A Couple of Fed Hawks Continue to Voice Support for Paring Back Accommodation: After upending markets last Friday, St. Louis Fed President Bullard again said he could easily argue “at any time” that the economy has made the “substantial further progress” necessary under the current forward guidance to begin tapering those monthly bond buys at some point soon. Dallas Fed President Kaplan, repeating a position he has publicly stated for several weeks now, said, “I’ve been more of a fan of doing some things, maybe, to take our foot gently off the accelerator sooner rather than later so that we can manage these risks” and try and “avoid having to press the brakes down the road.” Both Bullard and Kaplan said the Fed needed to seriously consider if the housing market, which has boomed over the last 12 months, actually needs any support from the central bank. The Fed is currently buying $40 billion of mortgage-backed securities each month.

Williams Believes Policy is Appropriate, Expects Stronger Inflation “Mostly” Temporary: New York Fed President Williams said Monday, “It’s clear that the economy is improving at a rapid rate, and the medium-term outlook is very good.

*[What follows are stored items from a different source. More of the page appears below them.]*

(* Let $n\ge 27$, $\mathcal{X},\mathcal{Y}$ finite with $|\mathcal{X}|,|\mathcal{Y}|\ge 2$, $\mathbf{X}$ a random vector on $\mathcal{X}^n$ and $\mathbf{Y}$ with $\mathbf{Y}|\mathbf{X}\sim p^n_{Y|X}$. Let $\lambda>0$ and $t\in\mathbb{N}_+$ with $\lambda t>n\log_2|\mathcal{Y}|$, and for $s\in[0:t]$ let $\mathcal{S}_{\mathbf{Y}}(s)=\{\mathbf{y}:p_{\mathbf{Y}}(\mathbf{y})>0,\ \lfloor\min(h_{\mathbf{Y}}(\mathbf{y})/\lambda,t)\rfloor=s\}$ and $\eta_s=p_{\mathbf{Y}}\left(\bigcup_{i=0}^s\mathcal{S}_{\mathbf{Y}}(i)\right)$. Then for each $s\in[0:t]$, $\bigcup_{i=0}^s\mathcal{S}_{\mathbf{Y}}(i)$ is the unique minimum $\eta_s$-quasi image of $\mathbf{X}$ by $p_{Y|X}$, and $$\log_2\bar g^n_{Y|X}(\mathbf{X},\eta_s)<s\lambda+\lambda+\log_2(t+1),\qquad \log_2\bar g^n_{Y|X}(\mathbf{X},\eta_s)\ge s\lambda+\log_2 p_{\mathbf{Y}}(\mathcal{S}_{\mathbf{Y}}(s)).$$
   Context: $h_{\mathbf{Y}}(\mathbf{y})=-\log_2 p_{\mathbf{Y}}(\mathbf{y})$. For $\eta\in(0,1]$, a set $\mathcal{B}\subseteq\mathcal{Y}^n$ is an $\eta$-quasi image of $\mathbf{X}$ by $p_{Y|X}$ if $\sum_{\mathbf{x}}p^n_{Y|X}(\mathcal{B}|\mathbf{x})p_{\mathbf{X}}(\mathbf{x})\ge\eta$; $\bar g^n_{Y|X}(\mathbf{X},\eta)$ is the minimum cardinality of such a set, and a minimum $\eta$-quasi image is one achieving it. *)

theory Defs
  imports "HOL-Analysis.Analysis"
begin

definition seqs :: "nat \<Rightarrow> 'a list set" where
  "seqs n = {xs. length xs = n}"

text \<open>Memoryless channel: W x y = p_{Y|X}(y|x); product channel p^n_{Y|X}(ys|xs).\<close>
definition chan_n :: "('a \<Rightarrow> 'b \<Rightarrow> real) \<Rightarrow> 'a list \<Rightarrow> 'b list \<Rightarrow> real" where
  "chan_n W xs ys = (\<Prod>i<length xs. W (xs ! i) (ys ! i))"

definition outp :: "nat \<Rightarrow> ('a list \<Rightarrow> real) \<Rightarrow> ('a \<Rightarrow> 'b \<Rightarrow> real) \<Rightarrow> 'b list \<Rightarrow> real" where
  "outp n pX W ys = (\<Sum>xs\<in>seqs n. pX xs * chan_n W xs ys)"

definition selfinfo :: "nat \<Rightarrow> ('a list \<Rightarrow> real) \<Rightarrow> ('a \<Rightarrow> 'b \<Rightarrow> real) \<Rightarrow> 'b list \<Rightarrow> real" where
  "selfinfo n pX W ys = - log 2 (outp n pX W ys)"

definition quasi_image :: "nat \<Rightarrow> ('a list \<Rightarrow> real) \<Rightarrow> ('a \<Rightarrow> 'b \<Rightarrow> real) \<Rightarrow> real \<Rightarrow> 'b list set \<Rightarrow> bool" where
  "quasi_image n pX W eta B \<longleftrightarrow> B \<subseteq> seqs n \<and>
     (\<Sum>xs\<in>seqs n. (\<Sum>ys\<in>B. chan_n W xs ys) * pX xs) \<ge> eta"

definition gbar :: "nat \<Rightarrow> ('a list \<Rightarrow> real) \<Rightarrow> ('a \<Rightarrow> 'b \<Rightarrow> real) \<Rightarrow> real \<Rightarrow> nat" where
  "gbar n pX W eta = (LEAST k. \<exists>B. quasi_image n pX W eta B \<and> card B = k)"

definition min_quasi_image :: "nat \<Rightarrow> ('a list \<Rightarrow> real) \<Rightarrow> ('a \<Rightarrow> 'b \<Rightarrow> real) \<Rightarrow> real \<Rightarrow> 'b list set \<Rightarrow> bool" where
  "min_quasi_image n pX W eta B \<longleftrightarrow> quasi_image n pX W eta B \<and> card B = gbar n pX W eta"

definition Sset :: "nat \<Rightarrow> ('a list \<Rightarrow> real) \<Rightarrow> ('a \<Rightarrow> 'b \<Rightarrow> real) \<Rightarrow> real \<Rightarrow> nat \<Rightarrow> nat \<Rightarrow> 'b list set" where
  "Sset n pX W lam t s = {ys \<in> seqs n. outp n pX W ys > 0 \<and>
      \<lfloor>min (selfinfo n pX W ys / lam) (real t)\<rfloor> = int s}"

end

theory Submission
  imports Defs
begin

text \<open>
  Since the self-information is capped at level \<open>t\<close>, the union \<open>U\<close> of the slices
  \<open>S\<^sub>Y(0), ..., S\<^sub>Y(s)\<close> is a superlevel set \<open>{y. c < p\<^sub>Y(y)}\<close> of the output
  distribution, with \<open>c = 2 powr (-(s + 1) \<lambda>)\<close> for \<open>s < t\<close> and \<open>c = 0\<close> for \<open>s = t\<close>.
  For \<open>c \<ge> 0\<close> a superlevel set carries strictly more weight than any other set of
  at most its size, so it is the unique minimum quasi image for its own weight.
  Its size is below \<open>1 / c = 2 powr ((s + 1) \<lambda>)\<close>, and for \<open>s = t\<close> at most
  \<open>|Y|^n < 2 powr (t \<lambda>)\<close>. Conversely \<open>U\<close> contains \<open>S\<^sub>Y(s)\<close>, whose elements have probability at
  most \<open>2 powr (-s \<lambda>)\<close>, which gives the lower bound.
\<close>

lemma superlevel_set_eqI:
  fixes P :: "'c \<Rightarrow> real" and A :: "'c set" and c :: real
  defines "U \<equiv> {z \<in> A. c < P z}"
  assumes "finite A" "0 \<le> c" "B \<subseteq> A"
    and "sum P U \<le> sum P B" "card B \<le> card U"
  shows "B = U"
proof (rule ccontr)
  assume "B \<noteq> U"
  have fin: "finite U" "finite B"
    using assms(2,4) unfolding U_def by (auto intro: finite_subset)
  have "U - B \<noteq> {}"
  proof
    assume "U - B = {}"
    then have "U \<subseteq> B"
      by blast
    then have "U = B"
      using fin assms(6) by (intro card_subset_eq) (auto dest: card_mono)
    then show False
      using \<open>B \<noteq> U\<close> by simp
  qed
  have "card (B - U) \<le> card (U - B)"
    using fin assms(6) by (simp add: card_Diff_subset_Int Int_commute)
  have "sum P (B - U) \<le> real (card (B - U)) * c"
    using assms(4) by (intro sum_bounded_above) (auto simp: U_def not_less)
  also have "\<dots> \<le> real (card (U - B)) * c"
    using \<open>card (B - U) \<le> card (U - B)\<close> assms(3) by (simp add: mult_right_mono)
  also have "\<dots> = (\<Sum>_\<in>U - B. c)"
    by simp
  also have "\<dots> < sum P (U - B)"
    using fin \<open>U - B \<noteq> {}\<close> by (intro sum_strict_mono) (auto simp: U_def)
  finally have "sum P (B - U) < sum P (U - B)" .
  moreover have "sum P B = sum P (B \<inter> U) + sum P (B - U)"
    "sum P U = sum P (U \<inter> B) + sum P (U - B)"
    using fin by (simp_all add: sum.Int_Diff)
  ultimately show False
    using assms(5) by (simp add: Int_commute)
qed

lemma finite_seqs: "finite (seqs n :: 'a::finite list set)"
  using finite_lists_length_eq[of "UNIV :: 'a set" n] by (simp add: seqs_def)

lemma card_seqs: "card (seqs n :: 'a::finite list set) = CARD('a) ^ n"
  using card_lists_length_eq[of "UNIV :: 'a set" n] by (simp add: seqs_def)

lemma seqs_Suc: "seqs (Suc n) = (\<lambda>(y, ys). y # ys) ` (UNIV \<times> seqs n)"
  unfolding seqs_def by (auto simp: image_iff length_Suc_conv)

lemma chan_n_Cons: "chan_n W (x # xs) (y # ys) = W x y * chan_n W xs ys"
  unfolding chan_n_def length_Cons prod.lessThan_Suc_shift by simp

lemma sum_chan_n_eq_1:
  fixes W :: "'a \<Rightarrow> 'b::finite \<Rightarrow> real"
  assumes "\<And>x. (\<Sum>y\<in>UNIV. W x y) = 1"
  shows "(\<Sum>ys\<in>seqs (length xs). chan_n W xs ys) = 1"
proof (induction xs)
  case Nil
  have "seqs 0 = {[] :: 'b list}"
    by (auto simp: seqs_def)
  then show ?case
    by (simp add: chan_n_def)
next
  case (Cons x xs)
  have "inj_on (\<lambda>(y, ys). y # ys) (UNIV \<times> seqs (length xs))"
    by (auto simp: inj_on_def)
  then have "(\<Sum>ys\<in>seqs (length (x # xs)). chan_n W (x # xs) ys)
      = (\<Sum>(y, ys)\<in>UNIV \<times> seqs (length xs). chan_n W (x # xs) (y # ys))"
    unfolding length_Cons seqs_Suc by (rule sum.reindex_cong) auto
  also have "\<dots> = (\<Sum>y\<in>UNIV. \<Sum>ys\<in>seqs (length xs). W x y * chan_n W xs ys)"
    by (simp add: sum.cartesian_product chan_n_Cons)
  also have "\<dots> = (\<Sum>y\<in>UNIV. W x y)"
    by (simp add: sum_distrib_left[symmetric] Cons.IH)
  finally show ?case
    using assms by simp
qed

lemma sum_chan_n_outp:
  "(\<Sum>xs\<in>seqs n. (\<Sum>ys\<in>B. chan_n W xs ys) * pX xs) = (\<Sum>ys\<in>B. outp n pX W ys)"
  unfolding outp_def sum_distrib_right by (subst sum.swap) (simp add: mult.commute)

lemma quasi_image_iff:
  "quasi_image n pX W eta B \<longleftrightarrow> B \<subseteq> seqs n \<and> eta \<le> (\<Sum>ys\<in>B. outp n pX W ys)"
  unfolding quasi_image_def sum_chan_n_outp ..

lemma gbar_eqI:
  assumes "quasi_image n pX W eta U"
    and "\<And>B. quasi_image n pX W eta B \<Longrightarrow> card U \<le> card B"
  shows "gbar n pX W eta = card U"
  unfolding gbar_def using assms by (intro Least_equality) auto

lemma superlevel_set_min_quasi_image:
  fixes n :: nat and pX :: "'a list \<Rightarrow> real" and W :: "'a \<Rightarrow> 'b::finite \<Rightarrow> real"
    and c :: real
  defines "U \<equiv> {ys \<in> seqs n. c < outp n pX W ys}"
  defines "eta \<equiv> (\<Sum>ys\<in>U. outp n pX W ys)"
  assumes "0 \<le> c"
  shows gbar_superlevel_set: "gbar n pX W eta = card U"
    and min_quasi_image_superlevel_set_iff: "min_quasi_image n pX W eta B \<longleftrightarrow> B = U"
proof -
  have unique: "B' = U" if "quasi_image n pX W eta B'" "card B' \<le> card U" for B'
    using that finite_seqs assms(3) unfolding U_def eta_def quasi_image_iff
    by (intro superlevel_set_eqI) auto
  have "quasi_image n pX W eta U"
    by (auto simp: quasi_image_iff U_def eta_def)
  moreover have "card U \<le> card B'" if "quasi_image n pX W eta B'" for B'
    using unique[OF that] by fastforce
  ultimately show "gbar n pX W eta = card U"
    by (rule gbar_eqI)
  then show "min_quasi_image n pX W eta B \<longleftrightarrow> B = U"
    using unique[of B] \<open>quasi_image n pX W eta U\<close> unfolding min_quasi_image_def by auto
qed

But the data and conditions have not progressed enough for the FOMC to shift its monetary policy stance of strong support for the economic recovery.” Importantly, his “view is that the spike in inflation mostly reflects the temporary effects of the surprisingly rapid opening of the economy,” and he believes inflation will cool to around 2% in 2022 and 2023 “once these prices have fully adjusted to the reopened economy.” He pointed to the recent ebbing of costs for used cars and lumber to support his case and reiterated the belief that pre-pandemic disinflationary forces will eventually reassert themselves. Nonetheless, “It goes without saying,” Williams cautioned, “that there is a great deal of uncertainty about the inflation outlook, and I will be watching the data closely.” Citing one particular area of uncertainty, Williams said some bottlenecks in the supply chain will likely last longer than previously expected and potentially into next year.